■ PROMPT
Give back every record exactly.

(Records from a dataset)
(* Let $p(g)=y^{a(g)}x^{b(g)}$ be a continuous $1$-cocycle of $G_k$ with values in $\pi/[\pi]_2$. The lifts of $p$ to $1$-cocycles in $C^1(G_k,\pi/[\pi]_3)$ are in bijection with the set of cochains $c\in C^1(G_k,\hat{\mathbb Z}(2))$ such that $Dc=-b\cup a$, via $c\mapsto(b,a)_c$, where $(b,a)_c(g)=y^{a(g)}x^{b(g)}[x,y]^{c(g)}$.
   Context: Let $k$ be either a subfield of $\mathbb C$ or the completion of a number field $F\subset\mathbb C$ at a place, with fixed embeddings $\mathbb C\supset\overline{\mathbb Q}\subseteq\overline k$; $\chi$ the cyclotomic character. $\pi=\pi_1^{et}(\mathbb P^1_{\overline k}-\{0,1,\infty\},\overrightarrow{01})\cong\langle x,y\rangle^\wedge$ (profinite free group; $x$ loop around $0$, $y$ loop around $1$) with $G_k$-action $\sigma(x)=x^{\chi(\sigma)}$, $\sigma(y)=\mathfrak f(\sigma)^{-1}y^{\chi(\sigma)}\mathfrak f(\sigma)$, $\mathfrak f:G_k\to[\pi]_2$ a cocycle. $[\pi]_n$ is the lower central series, $[u,v]=uvu^{-1}v^{-1}$, $\hat{\mathbb Z}(n)$ is $\hat{\mathbb Z}$ with action via $\chi^n$; $b,a:G_k\to\hat{\mathbb Z}(1)$. A $1$-cocycle with values in a nonabelian group $Q$ means $s(gh)=s(g)\,g(s(h))$; $C^1$ denotes continuous cochains, $D$ the differential, and $(b\cup a)(g,h)=b(g)\chi(g)a(h)$. *)

theory Defs
  imports "HOL-Algebra.Group" "HOL-Analysis.Analysis"
begin

text \<open>An element of \<open>\<hat>\<int> = lim Z/n\<close> is represented by the function
  \<open>z :: nat \<Rightarrow> int\<close> with \<open>z n \<in> {0..<n}\<close> the residue mod n (n > 0),
  compatible under divisibility; \<open>z 0 = 0\<close> normalises the unused slot.\<close>

definition zhat :: "(nat \<Rightarrow> int) set" where
  "zhat = {z. z 0 = 0 \<and> (\<forall>n>0. 0 \<le> z n \<and> z n < int n)
              \<and> (\<forall>m n. 0 < m \<and> m dvd n \<longrightarrow> z m = z n mod int m)}"

definition zconst :: "int \<Rightarrow> nat \<Rightarrow> int" where
  "zconst k = (\<lambda>n. if n = 0 then 0 else k mod int n)"

definition zzero :: "nat \<Rightarrow> int" where "zzero = zconst 0"
definition zone :: "nat \<Rightarrow> int" where "zone = zconst 1"

definition zadd :: "(nat \<Rightarrow> int) \<Rightarrow> (nat \<Rightarrow> int) \<Rightarrow> nat \<Rightarrow> int" where
  "zadd z w = (\<lambda>n. if n = 0 then 0 else (z n + w n) mod int n)"

definition zmul :: "(nat \<Rightarrow> int) \<Rightarrow> (nat \<Rightarrow> int) \<Rightarrow> nat \<Rightarrow> int" where
  "zmul z w = (\<lambda>n. if n = 0 then 0 else (z n * w n) mod int n)"

definition zneg :: "(nat \<Rightarrow> int) \<Rightarrow> nat \<Rightarrow> int" where
  "zneg z = (\<lambda>n. if n = 0 then 0 else (- z n) mod int n)"

text \<open>Continuity of a map into \<open>\<hat>\<int>\<close> (inverse limit topology of the discrete
  \<open>Z/n\<close>): it lands in \<open>\<hat>\<int>\<close> and the preimage of every subbasic open set
  \<open>{z. z n = r}\<close> is open.\<close>

definition zhat_cont :: "'g topology \<Rightarrow> ('g \<Rightarrow> nat \<Rightarrow> int) \<Rightarrow> bool" where
  "zhat_cont T f \<longleftrightarrow> f \<in> topspace T \<rightarrow> zhat \<and>
     (\<forall>n>0. \<forall>r. openin T {g \<in> topspace T. f g n = r})"

definition topological_group :: "('g,'m) monoid_scheme \<Rightarrow> 'g topology \<Rightarrow> bool" where
  "topological_group G T \<longleftrightarrow> group G \<and> topspace T = carrier G \<and>
     continuous_map (prod_topology T T) T (\<lambda>(g,h). g \<otimes>\<^bsub>G\<^esub> h) \<and>
     continuous_map T T (\<lambda>g. inv\<^bsub>G\<^esub> g)"

definition zhat_character :: "('g,'m) monoid_scheme \<Rightarrow> 'g topology \<Rightarrow> ('g \<Rightarrow> nat \<Rightarrow> int) \<Rightarrow> bool" where
  "zhat_character G T chi \<longleftrightarrow> zhat_cont T chi \<and>
     (\<forall>g\<in>carrier G. \<exists>u\<in>zhat. zmul (chi g) u = zone) \<and>
     (\<forall>g\<in>carrier G. \<forall>h\<in>carrier G. chi (g \<otimes>\<^bsub>G\<^esub> h) = zmul (chi g) (chi h))"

■ OUTPUT
(* Let $p(g)=y^{a(g)}x^{b(g)}$ be a continuous $1$-cocycle of $G_k$ with values in $\pi/[\pi]_2$. The lifts of $p$ to $1$-cocycles in $C^1(G_k,\pi/[\pi]_3)$ are in bijection with the set of cochains $c\in C^1(G_k,\hat{\mathbb Z}(2))$ such that $Dc=-b\cup a$, via $c\mapsto(b,a)_c$, where $(b,a)_c(g)=y^{a(g)}x^{b(g)}[x,y]^{c(g)}$.
   Context: Let $k$ be either a subfield of $\mathbb C$ or the completion of a number field $F\subset\mathbb C$ at a place, with fixed embeddings $\mathbb C\supset\overline{\mathbb Q}\subseteq\overline k$; $\chi$ the cyclotomic character. $\pi=\pi_1^{et}(\mathbb P^1_{\overline k}-\{0,1,\infty\},\overrightarrow{01})\cong\langle x,y\rangle^\wedge$ (profinite free group; $x$ loop around $0$, $y$ loop around $1$) with $G_k$-action $\sigma(x)=x^{\chi(\sigma)}$, $\sigma(y)=\mathfrak f(\sigma)^{-1}y^{\chi(\sigma)}\mathfrak f(\sigma)$, $\mathfrak f:G_k\to[\pi]_2$ a cocycle. $[\pi]_n$ is the lower central series, $[u,v]=uvu^{-1}v^{-1}$, $\hat{\mathbb Z}(n)$ is $\hat{\mathbb Z}$ with action via $\chi^n$; $b,a:G_k\to\hat{\mathbb Z}(1)$. A $1$-cocycle with values in a nonabelian group $Q$ means $s(gh)=s(g)\,g(s(h))$; $C^1$ denotes continuous cochains, $D$ the differential, and $(b\cup a)(g,h)=b(g)\chi(g)a(h)$. *)

theory Defs
  imports "HOL-Algebra.Group" "HOL-Analysis.Analysis"
begin

text \<open>An element of \<open>\<hat>\<int> = lim Z/n\<close> is represented by the function
  \<open>z :: nat \<Rightarrow> int\<close> with \<open>z n \<in> {0..<n}\<close> the residue mod n (n > 0),
  compatible under divisibility; \<open>z 0 = 0\<close> normalises the unused slot.\<close>

definition zhat :: "(nat \<Rightarrow> int) set" where
  "zhat = {z. z 0 = 0 \<and> (\<forall>n>0. 0 \<le> z n \<and> z n < int n)
              \<and> (\<forall>m n. 0 < m \<and> m dvd n \<longrightarrow> z m = z n mod int m)}"

definition zconst :: "int \<Rightarrow> nat \<Rightarrow> int" where
  "zconst k = (\<lambda>n. if n = 0 then 0 else k mod int n)"

definition zzero :: "nat \<Rightarrow> int" where "zzero = zconst 0"
definition zone :: "nat \<Rightarrow> int" where "zone = zconst 1"

definition zadd :: "(nat \<Rightarrow> int) \<Rightarrow> (nat \<Rightarrow> int) \<Rightarrow> nat \<Rightarrow> int" where
  "zadd z w = (\<lambda>n. if n = 0 then 0 else (z n + w n) mod int n)"

definition zmul :: "(nat \<Rightarrow> int) \<Rightarrow> (nat \<Rightarrow> int) \<Rightarrow> nat \<Rightarrow> int" where
  "zmul z w = (\<lambda>n. if n = 0 then 0 else (z n * w n) mod int n)"

definition zneg :: "(nat \<Rightarrow> int) \<Rightarrow> nat \<Rightarrow> int" where
  "zneg z = (\<lambda>n. if n = 0 then 0 else (- z n) mod int n)"

text \<open>Continuity of a map into \<open>\<hat>\<int>\<close> (inverse limit topology of the discrete
  \<open>Z/n\<close>): it lands in \<open>\<hat>\<int>\<close> and the preimage of every subbasic open set
  \<open>{z. z n = r}\<close> is open.\<close>

definition zhat_cont :: "'g topology \<Rightarrow> ('g \<Rightarrow> nat \<Rightarrow> int) \<Rightarrow> bool" where
  "zhat_cont T f \<longleftrightarrow> f \<in> topspace T \<rightarrow> zhat \<and>
     (\<forall>n>0. \<forall>r. openin T {g \<in> topspace T. f g n = r})"

definition topological_group :: "('g,'m) monoid_scheme \<Rightarrow> 'g topology \<Rightarrow> bool" where
  "topological_group G T \<longleftrightarrow> group G \<and> topspace T = carrier G \<and>
     continuous_map (prod_topology T T) T (\<lambda>(g,h). g \<otimes>\<^bsub>G\<^esub> h) \<and>
     continuous_map T T (\<lambda>g. inv\<^bsub>G\<^esub> g)"

definition zhat_character :: "('g,'m) monoid_scheme \<Rightarrow> 'g topology \<Rightarrow> ('g \<Rightarrow> nat \<Rightarrow> int) \<Rightarrow> bool" where
  "zhat_character G T chi \<longleftrightarrow> zhat_cont T chi \<and>
     (\<forall>g\<in>carrier G. \<exists>u\<in>zhat. zmul (chi g) u = zone) \<and>
     (\<forall>g\<in>carrier G. \<forall>h\<in>carrier G. chi (g \<otimes>\<^bsub>G\<^esub> h) = zmul (chi g) (chi h))"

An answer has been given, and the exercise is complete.